Das Heimfindevermögen der Lachse
Die Lachse bieten ein eindrucksvolles Beispiel für die chemische Navigation. Dass sie wieder in ihre Geburtsgewässer zurückfinden beruht auf Substanzen in diesen, die sie über ihren Geruchssinn wahrnehmen. Doch man kann bisher noch nicht mit Sicherheit sagen, ob es sich bei den Geruchsstoffen um Pheromone oder irgendwelche anderen chemischen Marken handelt.

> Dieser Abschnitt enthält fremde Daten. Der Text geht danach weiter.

(* For every digraph $X$, the Redei–Berge polynomial $u_X(m)$ is a polynomial in $m$ with integer coefficients.
   Context: A digraph $X=(V,E)$: $V$ finite, $E\subset\{(u,v)\in V\times V\mid u\ne v\}$. $\Sigma_V$ is the set of bijections $\sigma:[n]\to V$ ($n=|V|$), $X\mathrm{Des}(\sigma)=\{i\in[n-1]\mid(\sigma_i,\sigma_{i+1})\in E\}$; $F_I=\sum x_{i_1}\cdots x_{i_n}$ over $1\le i_1\le\cdots\le i_n$ with $i_j<i_{j+1}$ for $j\in I$; $U_X=\sum_{\sigma\in\Sigma_V}F_{X\mathrm{Des}(\sigma)}$; $u_X(m)$ is the principal specialization $U_X(1,\dots,1,0,\dots)$ ($m$ ones), a polynomial in $m$ (a priori with rational coefficients). *)

theory Defs
  imports "HOL-Computational_Algebra.Polynomial" "HOL-Library.FuncSet"
begin

definition digraph :: "'a set \<Rightarrow> ('a \<times> 'a) set \<Rightarrow> bool" where
  "digraph V E \<longleftrightarrow> finite V \<and> E \<subseteq> {(u, v). u \<in> V \<and> v \<in> V \<and> u \<noteq> v}"

definition Sigma_V :: "'a set \<Rightarrow> (nat \<Rightarrow> 'a) set" where
  "Sigma_V V = {\<sigma>. \<sigma> \<in> {1..card V} \<rightarrow>\<^sub>E V \<and> bij_betw \<sigma> {1..card V} V}"

definition XDes :: "('a \<times> 'a) set \<Rightarrow> nat \<Rightarrow> (nat \<Rightarrow> 'a) \<Rightarrow> nat set" where
  "XDes E n \<sigma> = {i \<in> {1..n-1}. (\<sigma> i, \<sigma> (Suc i)) \<in> E}"

text \<open>Principal specialization F_I(1,...,1,0,...) (m ones) of the fundamental quasisymmetric
  function F_I of degree n: the number of monomials x_{i_1}...x_{i_n} with
  1 <= i_1 <= ... <= i_n <= m and i_j < i_{j+1} for j in I.  Sequences are encoded as
  functions nat => nat that are 0 outside [n].\<close>
definition F_spec :: "nat \<Rightarrow> nat set \<Rightarrow> nat \<Rightarrow> nat" where
  "F_spec n I m = card {i :: nat \<Rightarrow> nat.
      (\<forall>j\<in>{1..n}. 1 \<le> i j \<and> i j \<le> m) \<and>
      (\<forall>j\<in>{1..<n}. i j \<le> i (Suc j)) \<and>
      (\<forall>j\<in>I. i j < i (Suc j)) \<and>
      (\<forall>j. j \<notin> {1..n} \<longrightarrow> i j = 0)}"

text \<open>u_X(m) = U_X(1^m) = sum over sigma in Sigma_V of F_{XDes(sigma)}(1^m).\<close>
definition redei_berge_u :: "'a set \<Rightarrow> ('a \<times> 'a) set \<Rightarrow> nat \<Rightarrow> nat" where
  "redei_berge_u V E m = (\<Sum>\<sigma>\<in>Sigma_V V. F_spec (card V) (XDes E (card V) \<sigma>) m)"

end

theory Submission
  imports Defs
begin

text \<open>
  Read u_X(m) as the number of pairs (\<sigma>, i) of an ordering \<sigma> of V and a weakly increasing
  labelling i of its positions by 1, ..., m that increases strictly at every X-descent of \<sigma>.
  The positions with the top label m form a final block of \<sigma> without X-descents; splitting it
  off and inducting on m gives u_X(m) = \<Sum>f : V \<rightarrow> [m]. \<Prod>c. h(f\<inverse>(c)), where h(T) counts the
  descent-free orderings of T and h(\<emptyset>) = 1.  Such a colouring sum G(S, k) over k colours is an
  integer polynomial in k: fixing x \<in> S, its colour and its colour class T gives
  G(S, k) = k \<cdot> \<Sum>T\<ni>x. h(T) G(S - T, k - 1), and induction on |S| applies.
\<close>

section \<open>Colouring sums\<close>

definition colouring_sum :: "('a set \<Rightarrow> 'b::comm_semiring_1) \<Rightarrow> 'a set \<Rightarrow> 'c set \<Rightarrow> 'b" where
  "colouring_sum w S C = (\<Sum>f\<in>S \<rightarrow>\<^sub>E C. \<Prod>c\<in>C. w {v\<in>S. f v = c})"

lemma sum_colourings_by_colour_class:
  fixes w :: "'a set \<Rightarrow> 'b::comm_semiring_1" and c :: 'c
  assumes "finite S" "finite C" "c \<notin> C"
  shows "(\<Sum>f | f \<in> S \<rightarrow>\<^sub>E insert c C \<and> P {v\<in>S. f v = c}. \<Prod>c'\<in>insert c C. w {v\<in>S. f v = c'})
       = (\<Sum>T | T \<subseteq> S \<and> P T. w T * colouring_sum w (S - T) C)"
proof -
  let ?A = "SIGMA T:{T. T \<subseteq> S \<and> P T}. (S - T) \<rightarrow>\<^sub>E C"
  define extend :: "'a set \<times> ('a \<Rightarrow> 'c) \<Rightarrow> 'a \<Rightarrow> 'c" where "extend = (\<lambda>(T, g) v. if v \<in> T then c else g v)"
  have class_c: "{v\<in>S. extend (T, g) v = c} = T"
    and class_other: "c' \<in> C \<Longrightarrow> {v\<in>S. extend (T, g) v = c'} = {v\<in>S - T. g v = c'}"
    if "(T, g) \<in> ?A" for T g c' using that assms(3) by (auto simp: extend_def)
  have "bij_betw extend ?A {f \<in> S \<rightarrow>\<^sub>E insert c C. P {v\<in>S. f v = c}}"
  proof (rule bij_betw_byWitness[where f' = "\<lambda>f. ({v\<in>S. f v = c}, restrict f (S - {v\<in>S. f v = c}))"])
    show "\<forall>x\<in>?A. ({v\<in>S. extend x v = c}, restrict (extend x) (S - {v\<in>S. extend x v = c})) = x"
      using class_c by (force simp: extend_def PiE_def extensional_def)
    show "\<forall>f\<in>{f \<in> S \<rightarrow>\<^sub>E insert c C. P {v\<in>S. f v = c}}.
            extend ({v\<in>S. f v = c}, restrict f (S - {v\<in>S. f v = c})) = f"
      by (force simp: extend_def PiE_def extensional_def)
    show "extend ` ?A \<subseteq> {f \<in> S \<rightarrow>\<^sub>E insert c C. P {v\<in>S. f v = c}}"
      using class_c by (force simp: extend_def PiE_def extensional_def)
    show "(\<lambda>f. ({v\<in>S. f v = c}, restrict f (S - {v\<in>S. f v = c})))
            ` {f \<in> S \<rightarrow>\<^sub>E insert c C. P {v\<in>S. f v = c}} \<subseteq> ?A"
      by (force simp: PiE_def Pi_def)
  qed
  then have "(\<Sum>f | f \<in> S \<rightarrow>\<^sub>E insert c C \<and> P {v\<in>S. f v = c}. \<Prod>c'\<in>insert c C. w {v\<in>S. f v = c'})
      = (\<Sum>(T, g)\<in>?A. \<Prod>c'\<in>insert c C. w {v\<in>S. extend (T, g) v = c'})"
    by (simp add: sum.reindex_bij_betw[symmetric] case_prod_unfold)
  also have "\<dots> = (\<Sum>(T, g)\<in>?A. w T * (\<Prod>c'\<in>C. w {v\<in>S - T. g v = c'}))"
    using assms(2,3) class_c class_other by (intro sum.cong refl) (auto cong: prod.cong)
  also have "\<dots> = (\<Sum>T | T \<subseteq> S \<and> P T. w T * colouring_sum w (S - T) C)"
    using assms(1,2) by (subst sum.Sigma[symmetric]) (auto simp: colouring_sum_def sum_distrib_left intro: finite_PiE)
  finally show ?thesis .
qed

lemma colouring_sum_insert:
  assumes "finite S" "finite C" "c \<notin> C"
  shows "colouring_sum w S (insert c C) = (\<Sum>T\<in>Pow S. w T * colouring_sum w (S - T) C)"
  using sum_colourings_by_colour_class[OF assms, where P = "\<lambda>_. True" and w = w]
  by (simp add: colouring_sum_def Pow_def)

In einem entscheidenden Experiment konnte man bereits vor langem zeigen, dass flussaufwärts wandernde Kisutsch-Lachse die Fähigkeit verlieren, die richtige Flussverzweigung zu wählen, wenn man ihre Nasenhöhlen mit Baumwollmull verschließt: Man fing Tiere (insgesamt 302) kurz nach einer Gabelung in einem Fluss. Jeder Fisch wurde markiert, je nachdem, ob er im östlichen oder im westlichen Flussarm gefangen worden war, und man verstopfte dann die Nasenhöhlen bei jeweils der Hälfte der Tiere. Die übrigen Fische jeder Gruppe wurden als Kontrollen nur markiert. Danach ließ man alle Lachse wieder unterhalb der Gabelung frei. In den flussaufwärts in jedem Flussarm aufgestellten Reusen fing man 143 Tiere erneut ein. Unter den Kontrollen hatten alle Wiederfänge aus dem westlichen und 70% aus dem östlichen Flussarm die gleiche Strecke wie beim ersten Mal gewählt. Die Lachse, deren Geruchssinn man blockiert hatte, fand man jedoch wie zufällig verteilt überall wieder.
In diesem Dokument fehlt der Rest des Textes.